ACTION ITEM
Print every line of the listing below, starting with the line that holds "Q. \<exists>\<omega>\<in>Fs. \<forall>k." and going on through the line that holds "(1 / real n)", both included, and print nothing else.

THE DATA

definition ctrl_seqs :: "'u set \<Rightarrow> (nat \<Rightarrow> 'u) set" where
  "ctrl_seqs U = {\<omega>. \<forall>k. \<omega> k \<in> U}"

fun phi :: "('u \<Rightarrow> 'x \<Rightarrow> 'x) \<Rightarrow> nat \<Rightarrow> 'x \<Rightarrow> (nat \<Rightarrow> 'u) \<Rightarrow> 'x" where
  "phi F 0 x \<omega> = x"
| "phi F (Suc k) x \<omega> = F (\<omega> k) (phi F k x \<omega>)"

definition setdist :: "('x \<Rightarrow> 'x \<Rightarrow> real) \<Rightarrow> 'x \<Rightarrow> 'x set \<Rightarrow> real" where
  "setdist rho y Q = (INF q\<in>Q. rho y q)"

definition nbhd :: "('x \<Rightarrow> 'x \<Rightarrow> real) \<Rightarrow> real \<Rightarrow> 'x set \<Rightarrow> 'x set" where
  "nbhd rho \<epsilon> Q = {y. setdist rho y Q < \<epsilon>}"

definition oball :: "('x \<Rightarrow> 'x \<Rightarrow> real) \<Rightarrow> 'x \<Rightarrow> real \<Rightarrow> 'x set" where
  "oball rho x \<delta> = {y. rho x y < \<delta>}"

definition fin_equi_inv_point ::
  "('x \<Rightarrow> 'x \<Rightarrow> real) \<Rightarrow> ('u \<Rightarrow> 'x \<Rightarrow> 'x) \<Rightarrow> 'u set \<Rightarrow> 'x set \<Rightarrow> 'x \<Rightarrow> bool" where
  "fin_equi_inv_point rho F U Q x \<longleftrightarrow> x \<in> Q \<and>
     (\<forall>\<epsilon>>0. \<exists>\<delta>>0. \<exists>Fs. Fs \<subseteq> ctrl_seqs U \<and> finite Fs \<and>
        (\<forall>y \<in> oball rho x \<delta> \<inter> Q. \<exists>\<omega>\<in>Fs. \<forall>k. phi F k y \<omega> \<in> nbhd rho \<epsilon> Q))"

definition fin_equi_inv ::
  "('x \<Rightarrow> 'x \<Rightarrow> real) \<Rightarrow> ('u \<Rightarrow> 'x \<Rightarrow> 'x) \<Rightarrow> 'u set \<Rightarrow> 'x set \<Rightarrow> bool" where
  "fin_equi_inv rho F U Q \<longleftrightarrow> (\<forall>x\<in>Q. fin_equi_inv_point rho F U Q x)"

definition equi_inv_mean_point ::
  "('x \<Rightarrow> 'x \<Rightarrow> real) \<Rightarrow> ('u \<Rightarrow> 'x \<Rightarrow> 'x) \<Rightarrow> 'u set \<Rightarrow> 'x set \<Rightarrow> 'x \<Rightarrow> bool" where
  "equi_inv_mean_point rho F U Q x \<longleftrightarrow> x \<in> Q \<and>
     (\<forall>\<epsilon>>0. \<exists>\<delta>>0. \<exists>\<omega>\<in>ctrl_seqs U.
        \<forall>n::nat. n \<ge> 1 \<longrightarrow> (\<forall>y \<in> oball rho x \<delta> \<inter> Q.
           (1 / real n) * (\<Sum>i<n. setdist rho (phi F i y \<omega>) Q) < \<epsilon>))"

definition equi_inv_mean ::
  "('x \<Rightarrow> 'x \<Rightarrow> real) \<Rightarrow> ('u \<Rightarrow> 'x \<Rightarrow> 'x) \<Rightarrow> 'u set \<Rightarrow> 'x set \<Rightarrow> bool" where
  "equi_inv_mean rho F U Q \<longleftrightarrow> (\<forall>x\<in>Q. equi_inv_mean_point rho F U Q x)"

datatype sym = A | B | C | D | E

type_synonym seq = "nat \<Rightarrow> sym"

definition rho :: "seq \<Rightarrow> seq \<Rightarrow> real" where
  "rho x y = (if x = y then 0 else 1 / (real (LEAST j. x j \<noteq> y j) + 1))"

definition shift :: "seq \<Rightarrow> seq" where
  "shift x = (\<lambda>n. x (Suc n))"

definition Fex :: "nat \<Rightarrow> seq \<Rightarrow> seq" where
  "Fex u x = (if u = 0 then (shift ^^ 2) x
              else if u = 1 then (shift ^^ 3) x
              else if u = 2 then (\<lambda>n. B)
              else if x 0 = B then (\<lambda>n. if even n then A else B)
              else (\<lambda>n. B))"

definition Uex :: "nat set" where
  "Uex = {0, 1, 2, 3}"

definition Qex :: "seq set" where
  "Qex = {x. \<exists>ws. sset ws \<subseteq> {[A, B], [C, D, E]} \<and> x = snth (flat ws)}"

end

theory Submission
  imports Defs
begin

(* Compactness: Q is the image of the compact product space {ab, cde}\<^sup>\<nat> under flattening,
  which is continuous because the n-th letter only depends on the first n+1 words.

  Mean equi-invariance: near x \<in> Q, all points of Q share a long prefix of words with x, so the
  controls that strip those words (shift by 2 or 3) keep them in Q; afterwards one step of F\<^sub>2
  leaves Q once (at distance \<le> 1), F\<^sub>3 returns to (ab)\<^sup>\<infinity>, and F\<^sub>0 keeps it there. Postponing the
  single excursion makes the averages small.

  Failure of finite equi-invariance at (ab)\<^sup>\<infinity>: staying within distance 1 of Q forces, step by
  step, the control that strips the current leading word, so a control sequence determines the
  point it serves; but every ball around (ab)\<^sup>\<infinity> contains the infinitely many points
  (ab)\<^sup>m cde (ab)\<^sup>\<infinity>. *)

lemma rho_nonneg: "0 \<le> rho x y"
  by (simp add: rho_def)

lemma rho_le_1: "rho x y \<le> 1"
  by (simp add: rho_def)

lemma rho_self [simp]: "rho x x = 0"
  by (simp add: rho_def)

EXERCISE OUTPUT
        (\<forall>y \<in> oball rho x \<delta> \<inter> Q. \<exists>\<omega>\<in>Fs. \<forall>k. phi F k y \<omega> \<in> nbhd rho \<epsilon> Q))"

definition fin_equi_inv ::
  "('x \<Rightarrow> 'x \<Rightarrow> real) \<Rightarrow> ('u \<Rightarrow> 'x \<Rightarrow> 'x) \<Rightarrow> 'u set \<Rightarrow> 'x set \<Rightarrow> bool" where
  "fin_equi_inv rho F U Q \<longleftrightarrow> (\<forall>x\<in>Q. fin_equi_inv_point rho F U Q x)"

definition equi_inv_mean_point ::
  "('x \<Rightarrow> 'x \<Rightarrow> real) \<Rightarrow> ('u \<Rightarrow> 'x \<Rightarrow> 'x) \<Rightarrow> 'u set \<Rightarrow> 'x set \<Rightarrow> 'x \<Rightarrow> bool" where
  "equi_inv_mean_point rho F U Q x \<longleftrightarrow> x \<in> Q \<and>
     (\<forall>\<epsilon>>0. \<exists>\<delta>>0. \<exists>\<omega>\<in>ctrl_seqs U.
        \<forall>n::nat. n \<ge> 1 \<longrightarrow> (\<forall>y \<in> oball rho x \<delta> \<inter> Q.
           (1 / real n) * (\<Sum>i<n. setdist rho (phi F i y \<omega>) Q) < \<epsilon>))"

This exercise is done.